With such manifestations of savagery and backwardness, Chingiz Aitmatov fought in his work as a great writer of his time. These problems revealed deeply and comprehensively in all his works.
Pearls for swines and treasures of Superposition
Although in our reality people aren’t listening at the top and so many good intentions, excellent suggestions, ideas wasted for nothing, happily, the world of Superposition has operated quite differently – the sincere whispering there able to make a wonderful and great reactions and challenges. Up there reigned a law of love, wisdom and of tenderness. We know it for the eternal fruits, treasures and jerms which have found way to the future going successfully through all tests of times, space and up and down of harsh realities.
Let us turn, for example, to the novel "Gulsarat’.
The new chairman of the kolkhoz appointed by the high authorities, entering into the management of the economy, first of all, not only brazenly takes away from Tanabai, the kolkhoz’s shepherd, his remarkable horse for ride on him as bashkarma of collective farm but orders to castrated this poor animal for makes its behavior more complacently - for not harm a big boss or even run away from him. In fact we are talking about the priceless horse, for whom in other times some rulers would be glad to give up half of the kingdom.

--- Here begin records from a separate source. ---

(* Let $(b,c)$ be a connected graph over a countable set $X$ with an action of a group $G$ such that $H=H_{b,c}$ is $G$-invariant, fix $x_0\in X$, let $R\subseteq G$ be a subgroup, and let $f\in\mathcal{K}^R$ be harmonic. Let $\mu_f$ be a Borel probability measure on $\mathrm{ex}\,\mathcal{K}^R$ representing $f$ (as provided by Choquet's theorem), i.e. $f(x)=\int_{\mathrm{ex}\,\mathcal{K}^R}k(x)\,d\mu_f(k)$ for all $x\in X$. Then the set $\{k\in\mathrm{ex}\,\mathcal{K}^R: Hk\neq0\}$ is a $\mu_f$-null set.
   Context: A graph over $X$ is $(b,c)$ with $b:X\times X\to[0,\infty)$, $c:X\to\mathbb{R}$, $\sum_yb(x,y)<\infty$ ($b$ need not be symmetric); connected: any two points are joined by a finite sequence $y_1,\dots,y_n$ with $b(y_i,y_{i+1})>0$. $C(X)$ carries the product topology. $H_{b,c}f(x)=\sum_yb(x,y)(f(x)-f(y))+c(x)f(x)$ on $\mathrm{Dom}(H)=\{f:\sum_yb(x,y)|f(y)|<\infty\ \forall x\}$; harmonic: $Hf=0$; $\mathcal{H}^+$: nonnegative nonzero harmonic functions. $T_gf(x)=f(g^{-1}x)$; $H$ is $G$-invariant if $T_g$ preserves $\mathrm{Dom}(H)$ and $HT_g=T_gH$. $\mathcal{K}$ is the closure in $C(X)$ of $\{f\in\mathcal{H}^+:f(x_0)=1\}$ (a compact convex set), and $\mathcal{K}^R=\{f\in\mathcal{K}: T_gf=f\ \forall g\in R\}$; $\mathrm{ex}$ denotes the set of extreme points. *)

theory Defs
  imports "HOL-Probability.Probability" "HOL-Algebra.Group_Action"
begin

text \<open>Graphs (b,c) over a countable type 'x; functions 'x \<Rightarrow> real carry the
 product topology (HOL-Analysis Function_Topology).\<close>

definition is_graph :: "('x \<Rightarrow> 'x \<Rightarrow> real) \<Rightarrow> bool" where
  "is_graph b \<longleftrightarrow> (\<forall>x y. b x y \<ge> 0) \<and> (\<forall>x. (b x) summable_on UNIV)"

definition graph_connected :: "('x \<Rightarrow> 'x \<Rightarrow> real) \<Rightarrow> bool" where
  "graph_connected b \<longleftrightarrow> (\<forall>x y. (\<lambda>u v. b u v > 0)\<^sup>*\<^sup>* x y)"

definition domH :: "('x \<Rightarrow> 'x \<Rightarrow> real) \<Rightarrow> ('x \<Rightarrow> real) set" where
  "domH b = {f. \<forall>x. (\<lambda>y. b x y * \<bar>f y\<bar>) summable_on UNIV}"

definition opH :: "('x \<Rightarrow> 'x \<Rightarrow> real) \<Rightarrow> ('x \<Rightarrow> real) \<Rightarrow> ('x \<Rightarrow> real) \<Rightarrow> 'x \<Rightarrow> real" where
  "opH b c f x = (\<Sum>\<^sub>\<infinity>y. b x y * (f x - f y)) + c x * f x"

definition harmonic :: "('x \<Rightarrow> 'x \<Rightarrow> real) \<Rightarrow> ('x \<Rightarrow> real) \<Rightarrow> ('x \<Rightarrow> real) \<Rightarrow> bool" where
  "harmonic b c f \<longleftrightarrow> f \<in> domH b \<and> opH b c f = (\<lambda>_. 0)"

definition posharm :: "('x \<Rightarrow> 'x \<Rightarrow> real) \<Rightarrow> ('x \<Rightarrow> real) \<Rightarrow> ('x \<Rightarrow> real) set" where
  "posharm b c = {f. harmonic b c f \<and> (\<forall>x. f x \<ge> 0) \<and> f \<noteq> (\<lambda>_. 0)}"

definition transl :: "('g, 'm) monoid_scheme \<Rightarrow> ('g \<Rightarrow> 'x \<Rightarrow> 'x) \<Rightarrow> 'g \<Rightarrow> ('x \<Rightarrow> real) \<Rightarrow> 'x \<Rightarrow> real" where
  "transl G \<phi> g f x = f (\<phi> (inv\<^bsub>G\<^esub> g) x)"

definition G_invariant :: "('g, 'm) monoid_scheme \<Rightarrow> ('g \<Rightarrow> 'x \<Rightarrow> 'x) \<Rightarrow>
    ('x \<Rightarrow> 'x \<Rightarrow> real) \<Rightarrow> ('x \<Rightarrow> real) \<Rightarrow> bool" where
  "G_invariant G \<phi> b c \<longleftrightarrow> (\<forall>g \<in> carrier G.
      transl G \<phi> g ` domH b \<subseteq> domH b \<and>
      (\<forall>f \<in> domH b. opH b c (transl G \<phi> g f) = transl G \<phi> g (opH b c f)))"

Against such manifestations of rudeness, Ch. Aitmatov fought not only in his novels and stories, but also in journalism, as well as in everyday reality. He knew well what disasters this could turn out to be in our life.
Here is how he expressed this idea in a conversation with the literary critic L. Levchenko: In the most ordinary life there are thousands of manifestations of cruelty. And you need courage, and ability to see these manifestations. For example, a person may be completely normal, but at the core of his heart, there is cruelty. How will he behave in a crisis? What will win in it - good or evil beginning? What kind of person we may call as evil or good? If he is good then how long it might be lasts and what kind of place and environment suited for that? And what is the price to be a coy?
After that, the writer conducts a conversation about public callousness and heartlessness in everyday routine life. For me, such hidden potential cruelty is more interesting than fights and murders. Although, I repeat, I am not investigating it. I am trying to show in man the reserves of those human forces that are struggling with evil.
All these shows how deeply and widely the writer was interested in the problem, being aware of importance of such an internal struggle for society and life.
Here is how the writer speaks about the problem, answering to the question posed by Levchenko: Why do you again and again turn to the theme of the Great Patriotic War, despite the fact that it’s been 30 years since it ended?
Since mankind has not yet come to planetary thinking, because everyone does not yet think of the other as about himself, not wanting to reckon with the fact that he also fears death, suffers, accumulates own experiences and loves life as much as you do, because the contradictions and opposing forces in the development of the world society still exists, threatening to resolve in military clashes - this theme remains as one of the most attractive for me - for its terrible experience, which have had our generation, as some kind of, I would say,
preventive topics, as the mean to show and depict the worst things, which might happen with us (if the work, of course, written from the point of humanist stylistic positions).
Along with other aesthetic values, one of the most gifted modern writer paid special attention to the theme of tenderness in his works, developing and supplementing this central motif from book to book.